*WHAT THE EXERCISE ASKS*: Number of lines with "proof" in the data: give that figure by itself.

*RECORDED DATA*:
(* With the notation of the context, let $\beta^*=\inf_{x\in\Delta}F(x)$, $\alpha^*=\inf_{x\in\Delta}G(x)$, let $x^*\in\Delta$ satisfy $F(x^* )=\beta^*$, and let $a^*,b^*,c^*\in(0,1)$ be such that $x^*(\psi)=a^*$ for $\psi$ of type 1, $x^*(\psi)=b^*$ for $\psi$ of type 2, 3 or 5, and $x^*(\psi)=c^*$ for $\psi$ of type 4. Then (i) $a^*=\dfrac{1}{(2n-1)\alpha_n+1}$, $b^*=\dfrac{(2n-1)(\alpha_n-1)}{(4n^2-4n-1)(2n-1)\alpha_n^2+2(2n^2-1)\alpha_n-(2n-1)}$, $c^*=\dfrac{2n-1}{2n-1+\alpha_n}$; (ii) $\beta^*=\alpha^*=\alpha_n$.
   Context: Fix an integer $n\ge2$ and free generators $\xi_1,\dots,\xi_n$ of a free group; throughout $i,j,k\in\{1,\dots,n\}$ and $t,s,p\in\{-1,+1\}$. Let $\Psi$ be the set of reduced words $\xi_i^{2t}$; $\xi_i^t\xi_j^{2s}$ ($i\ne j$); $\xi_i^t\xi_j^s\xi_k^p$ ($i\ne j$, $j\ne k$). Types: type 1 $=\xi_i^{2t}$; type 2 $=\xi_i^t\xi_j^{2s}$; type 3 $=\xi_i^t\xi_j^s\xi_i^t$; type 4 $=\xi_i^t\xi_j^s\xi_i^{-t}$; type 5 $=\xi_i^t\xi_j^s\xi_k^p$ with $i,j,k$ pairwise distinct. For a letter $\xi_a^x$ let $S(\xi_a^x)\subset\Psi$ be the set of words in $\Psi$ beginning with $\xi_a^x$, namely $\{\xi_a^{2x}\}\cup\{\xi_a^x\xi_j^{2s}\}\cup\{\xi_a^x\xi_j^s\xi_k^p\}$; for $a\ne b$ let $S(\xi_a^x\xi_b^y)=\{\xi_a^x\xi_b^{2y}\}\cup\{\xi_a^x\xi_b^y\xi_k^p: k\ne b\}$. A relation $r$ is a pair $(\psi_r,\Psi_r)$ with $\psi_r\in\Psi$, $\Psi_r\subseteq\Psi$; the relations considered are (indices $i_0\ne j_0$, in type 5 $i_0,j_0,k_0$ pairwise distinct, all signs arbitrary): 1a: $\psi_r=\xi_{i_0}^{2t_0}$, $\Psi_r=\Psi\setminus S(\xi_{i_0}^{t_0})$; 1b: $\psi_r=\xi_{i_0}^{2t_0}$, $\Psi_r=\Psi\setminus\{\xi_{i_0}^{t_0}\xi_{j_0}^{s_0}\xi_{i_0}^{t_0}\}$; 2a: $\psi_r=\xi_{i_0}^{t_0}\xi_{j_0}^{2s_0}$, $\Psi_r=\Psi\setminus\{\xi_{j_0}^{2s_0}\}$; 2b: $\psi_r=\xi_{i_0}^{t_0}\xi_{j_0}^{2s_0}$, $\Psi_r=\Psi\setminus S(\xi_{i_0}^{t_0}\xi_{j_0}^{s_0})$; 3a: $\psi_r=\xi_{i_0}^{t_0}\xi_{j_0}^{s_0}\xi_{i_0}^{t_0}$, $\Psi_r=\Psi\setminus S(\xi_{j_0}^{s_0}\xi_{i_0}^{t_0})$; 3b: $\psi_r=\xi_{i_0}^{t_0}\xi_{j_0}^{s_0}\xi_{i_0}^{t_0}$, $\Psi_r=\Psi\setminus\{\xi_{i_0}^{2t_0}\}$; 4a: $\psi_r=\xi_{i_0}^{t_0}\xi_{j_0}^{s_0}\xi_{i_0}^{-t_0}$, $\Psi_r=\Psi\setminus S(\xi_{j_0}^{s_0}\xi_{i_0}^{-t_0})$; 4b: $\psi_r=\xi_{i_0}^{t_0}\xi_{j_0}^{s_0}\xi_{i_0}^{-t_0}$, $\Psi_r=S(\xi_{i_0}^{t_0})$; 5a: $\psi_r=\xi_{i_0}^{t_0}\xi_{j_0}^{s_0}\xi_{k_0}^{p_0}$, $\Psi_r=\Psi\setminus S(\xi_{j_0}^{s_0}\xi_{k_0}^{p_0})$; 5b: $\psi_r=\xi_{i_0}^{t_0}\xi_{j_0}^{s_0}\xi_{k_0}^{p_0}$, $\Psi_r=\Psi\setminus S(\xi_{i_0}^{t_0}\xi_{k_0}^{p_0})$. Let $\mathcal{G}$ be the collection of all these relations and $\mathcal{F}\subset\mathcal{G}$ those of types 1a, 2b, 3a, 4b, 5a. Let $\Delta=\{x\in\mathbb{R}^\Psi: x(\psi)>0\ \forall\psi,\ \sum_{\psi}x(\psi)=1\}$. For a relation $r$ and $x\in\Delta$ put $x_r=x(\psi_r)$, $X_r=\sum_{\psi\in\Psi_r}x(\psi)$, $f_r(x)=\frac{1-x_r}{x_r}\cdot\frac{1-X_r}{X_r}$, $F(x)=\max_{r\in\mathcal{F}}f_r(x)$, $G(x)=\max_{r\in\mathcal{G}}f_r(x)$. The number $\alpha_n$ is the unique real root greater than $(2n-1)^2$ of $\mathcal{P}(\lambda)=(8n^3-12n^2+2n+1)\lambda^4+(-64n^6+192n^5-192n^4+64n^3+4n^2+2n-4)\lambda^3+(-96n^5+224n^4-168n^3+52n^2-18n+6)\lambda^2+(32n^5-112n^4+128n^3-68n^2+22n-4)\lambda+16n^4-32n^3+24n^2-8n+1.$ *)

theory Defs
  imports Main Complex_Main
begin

--

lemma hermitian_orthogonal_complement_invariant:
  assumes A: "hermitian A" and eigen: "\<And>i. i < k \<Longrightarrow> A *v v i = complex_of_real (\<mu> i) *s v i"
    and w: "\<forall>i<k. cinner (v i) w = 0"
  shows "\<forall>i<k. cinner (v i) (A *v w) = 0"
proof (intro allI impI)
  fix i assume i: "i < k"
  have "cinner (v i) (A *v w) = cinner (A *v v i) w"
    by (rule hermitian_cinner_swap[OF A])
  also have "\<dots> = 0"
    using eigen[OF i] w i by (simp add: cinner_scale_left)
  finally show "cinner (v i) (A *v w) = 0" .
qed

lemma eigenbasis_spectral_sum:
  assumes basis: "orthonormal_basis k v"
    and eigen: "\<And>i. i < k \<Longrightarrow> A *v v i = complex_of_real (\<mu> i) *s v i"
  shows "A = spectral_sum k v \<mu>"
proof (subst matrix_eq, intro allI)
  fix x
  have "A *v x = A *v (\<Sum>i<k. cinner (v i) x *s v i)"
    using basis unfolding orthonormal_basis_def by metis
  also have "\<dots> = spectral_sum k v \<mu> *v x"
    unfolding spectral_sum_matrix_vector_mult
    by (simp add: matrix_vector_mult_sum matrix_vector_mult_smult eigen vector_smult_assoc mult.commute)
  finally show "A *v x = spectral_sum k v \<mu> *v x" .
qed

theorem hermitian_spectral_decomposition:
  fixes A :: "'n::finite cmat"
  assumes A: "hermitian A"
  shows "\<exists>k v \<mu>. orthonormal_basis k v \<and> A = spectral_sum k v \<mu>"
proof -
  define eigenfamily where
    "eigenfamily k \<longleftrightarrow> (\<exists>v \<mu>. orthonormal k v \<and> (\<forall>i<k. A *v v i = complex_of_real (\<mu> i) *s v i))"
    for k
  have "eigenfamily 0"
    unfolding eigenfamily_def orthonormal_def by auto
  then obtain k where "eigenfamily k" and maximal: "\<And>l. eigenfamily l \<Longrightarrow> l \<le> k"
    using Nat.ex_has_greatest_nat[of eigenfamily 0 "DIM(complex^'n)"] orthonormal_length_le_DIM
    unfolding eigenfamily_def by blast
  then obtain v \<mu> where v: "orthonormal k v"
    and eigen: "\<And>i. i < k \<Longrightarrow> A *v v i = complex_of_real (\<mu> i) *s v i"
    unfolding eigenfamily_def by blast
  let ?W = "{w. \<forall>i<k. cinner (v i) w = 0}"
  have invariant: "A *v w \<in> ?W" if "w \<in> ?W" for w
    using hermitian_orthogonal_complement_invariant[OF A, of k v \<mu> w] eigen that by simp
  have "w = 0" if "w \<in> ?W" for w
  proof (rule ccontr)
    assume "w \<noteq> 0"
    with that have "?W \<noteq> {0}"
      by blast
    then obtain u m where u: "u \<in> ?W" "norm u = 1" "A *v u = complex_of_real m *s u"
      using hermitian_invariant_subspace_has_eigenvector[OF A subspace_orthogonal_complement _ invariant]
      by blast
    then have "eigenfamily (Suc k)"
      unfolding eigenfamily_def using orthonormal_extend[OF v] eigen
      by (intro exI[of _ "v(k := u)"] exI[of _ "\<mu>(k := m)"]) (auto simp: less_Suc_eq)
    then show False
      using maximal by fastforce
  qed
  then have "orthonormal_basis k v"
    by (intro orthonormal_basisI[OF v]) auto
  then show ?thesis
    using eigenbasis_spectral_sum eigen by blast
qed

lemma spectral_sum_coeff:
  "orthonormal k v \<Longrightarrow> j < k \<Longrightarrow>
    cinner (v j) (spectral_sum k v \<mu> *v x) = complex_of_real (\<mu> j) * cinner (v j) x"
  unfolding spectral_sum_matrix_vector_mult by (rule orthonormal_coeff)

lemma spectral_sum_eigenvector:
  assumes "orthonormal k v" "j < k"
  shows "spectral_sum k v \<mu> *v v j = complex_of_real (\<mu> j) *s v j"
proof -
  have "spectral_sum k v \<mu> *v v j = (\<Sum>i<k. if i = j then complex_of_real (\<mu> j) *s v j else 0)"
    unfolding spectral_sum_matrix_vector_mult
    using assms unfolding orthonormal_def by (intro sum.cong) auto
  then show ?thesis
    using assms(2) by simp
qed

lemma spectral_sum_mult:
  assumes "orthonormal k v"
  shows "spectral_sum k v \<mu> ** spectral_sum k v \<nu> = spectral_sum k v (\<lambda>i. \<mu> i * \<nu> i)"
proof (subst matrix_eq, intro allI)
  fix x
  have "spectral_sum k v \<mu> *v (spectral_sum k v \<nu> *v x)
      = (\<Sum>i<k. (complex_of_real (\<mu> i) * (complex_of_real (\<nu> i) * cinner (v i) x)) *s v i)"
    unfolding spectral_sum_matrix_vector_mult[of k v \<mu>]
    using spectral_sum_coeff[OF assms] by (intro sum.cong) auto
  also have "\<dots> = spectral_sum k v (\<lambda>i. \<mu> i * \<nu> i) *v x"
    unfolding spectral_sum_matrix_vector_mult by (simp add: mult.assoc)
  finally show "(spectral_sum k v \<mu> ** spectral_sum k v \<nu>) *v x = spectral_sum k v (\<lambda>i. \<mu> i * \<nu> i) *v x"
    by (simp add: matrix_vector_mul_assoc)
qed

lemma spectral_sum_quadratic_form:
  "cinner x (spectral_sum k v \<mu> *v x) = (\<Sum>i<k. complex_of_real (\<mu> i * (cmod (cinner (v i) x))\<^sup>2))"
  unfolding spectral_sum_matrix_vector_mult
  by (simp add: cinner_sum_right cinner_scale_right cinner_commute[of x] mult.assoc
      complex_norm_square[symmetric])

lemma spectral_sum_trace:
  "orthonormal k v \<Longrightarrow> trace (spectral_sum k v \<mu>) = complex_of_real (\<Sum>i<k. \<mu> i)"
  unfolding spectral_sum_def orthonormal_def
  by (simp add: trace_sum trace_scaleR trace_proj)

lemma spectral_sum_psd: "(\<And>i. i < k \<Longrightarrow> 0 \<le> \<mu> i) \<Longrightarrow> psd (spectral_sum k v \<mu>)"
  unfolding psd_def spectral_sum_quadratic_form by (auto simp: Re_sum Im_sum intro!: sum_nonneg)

---

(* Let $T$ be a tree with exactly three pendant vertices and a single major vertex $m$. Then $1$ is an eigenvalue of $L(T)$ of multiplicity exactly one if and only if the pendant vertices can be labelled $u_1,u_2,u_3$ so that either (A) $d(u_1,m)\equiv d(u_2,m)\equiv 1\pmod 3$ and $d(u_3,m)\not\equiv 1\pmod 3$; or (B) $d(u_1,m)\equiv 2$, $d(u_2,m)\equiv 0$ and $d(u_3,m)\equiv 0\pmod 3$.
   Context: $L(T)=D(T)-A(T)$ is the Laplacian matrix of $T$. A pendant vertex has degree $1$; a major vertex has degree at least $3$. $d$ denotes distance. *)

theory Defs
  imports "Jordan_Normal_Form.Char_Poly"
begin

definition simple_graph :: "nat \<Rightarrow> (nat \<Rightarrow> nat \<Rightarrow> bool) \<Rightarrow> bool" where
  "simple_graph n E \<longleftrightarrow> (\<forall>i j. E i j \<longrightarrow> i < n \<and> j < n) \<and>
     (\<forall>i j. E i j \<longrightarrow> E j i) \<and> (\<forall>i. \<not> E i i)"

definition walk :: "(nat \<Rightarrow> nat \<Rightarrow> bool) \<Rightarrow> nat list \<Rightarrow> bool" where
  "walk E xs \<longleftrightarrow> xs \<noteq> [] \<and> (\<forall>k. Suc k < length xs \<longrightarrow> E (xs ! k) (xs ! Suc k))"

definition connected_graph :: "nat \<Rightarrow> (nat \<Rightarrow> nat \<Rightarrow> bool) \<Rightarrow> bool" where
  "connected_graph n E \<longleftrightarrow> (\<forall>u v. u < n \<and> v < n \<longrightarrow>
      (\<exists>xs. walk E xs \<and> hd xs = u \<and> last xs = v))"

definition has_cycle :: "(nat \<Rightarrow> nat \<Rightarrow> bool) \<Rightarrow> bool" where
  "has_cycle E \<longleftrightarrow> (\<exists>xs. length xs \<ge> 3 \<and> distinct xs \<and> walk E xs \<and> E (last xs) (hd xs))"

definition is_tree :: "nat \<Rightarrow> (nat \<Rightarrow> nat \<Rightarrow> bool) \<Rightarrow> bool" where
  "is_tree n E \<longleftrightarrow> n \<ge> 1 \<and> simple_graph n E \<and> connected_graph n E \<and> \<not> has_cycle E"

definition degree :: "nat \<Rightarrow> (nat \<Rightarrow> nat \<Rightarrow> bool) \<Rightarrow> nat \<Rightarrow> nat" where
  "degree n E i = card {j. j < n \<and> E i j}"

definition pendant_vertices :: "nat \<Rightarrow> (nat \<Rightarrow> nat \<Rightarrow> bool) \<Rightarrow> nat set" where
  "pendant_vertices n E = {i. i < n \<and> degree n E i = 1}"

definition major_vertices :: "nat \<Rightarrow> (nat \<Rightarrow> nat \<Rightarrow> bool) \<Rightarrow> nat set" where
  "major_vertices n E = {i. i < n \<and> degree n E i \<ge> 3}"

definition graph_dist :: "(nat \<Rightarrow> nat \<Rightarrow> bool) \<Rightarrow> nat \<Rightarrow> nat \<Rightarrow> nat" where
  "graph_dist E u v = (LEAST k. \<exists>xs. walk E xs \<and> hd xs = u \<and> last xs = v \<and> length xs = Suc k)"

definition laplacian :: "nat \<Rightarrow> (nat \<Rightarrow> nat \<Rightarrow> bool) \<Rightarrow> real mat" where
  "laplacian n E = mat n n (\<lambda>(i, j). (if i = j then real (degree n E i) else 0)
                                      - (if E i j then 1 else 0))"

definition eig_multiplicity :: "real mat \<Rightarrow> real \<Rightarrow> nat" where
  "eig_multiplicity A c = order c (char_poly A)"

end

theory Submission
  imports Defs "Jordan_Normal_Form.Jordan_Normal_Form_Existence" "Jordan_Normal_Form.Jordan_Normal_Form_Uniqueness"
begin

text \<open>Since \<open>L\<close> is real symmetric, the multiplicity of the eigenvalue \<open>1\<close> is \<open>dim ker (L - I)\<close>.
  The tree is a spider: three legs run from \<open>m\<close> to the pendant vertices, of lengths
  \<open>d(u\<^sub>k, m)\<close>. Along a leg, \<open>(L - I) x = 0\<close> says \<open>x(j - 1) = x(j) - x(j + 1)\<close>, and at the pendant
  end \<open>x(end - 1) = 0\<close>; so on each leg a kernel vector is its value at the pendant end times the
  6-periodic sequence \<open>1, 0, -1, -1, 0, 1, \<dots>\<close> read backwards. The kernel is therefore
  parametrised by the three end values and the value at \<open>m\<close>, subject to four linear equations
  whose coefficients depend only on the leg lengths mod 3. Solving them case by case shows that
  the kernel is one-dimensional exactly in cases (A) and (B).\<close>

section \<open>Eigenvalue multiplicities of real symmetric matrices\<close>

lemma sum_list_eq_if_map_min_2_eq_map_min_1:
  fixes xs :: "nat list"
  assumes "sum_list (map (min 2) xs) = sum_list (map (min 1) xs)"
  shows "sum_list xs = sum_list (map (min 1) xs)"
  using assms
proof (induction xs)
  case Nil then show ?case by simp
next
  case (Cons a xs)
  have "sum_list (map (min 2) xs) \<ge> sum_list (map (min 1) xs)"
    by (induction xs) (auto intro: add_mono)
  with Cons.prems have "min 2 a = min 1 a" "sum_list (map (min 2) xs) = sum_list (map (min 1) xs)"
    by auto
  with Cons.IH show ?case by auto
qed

*SOLUTION FOR THIS TASK*: 7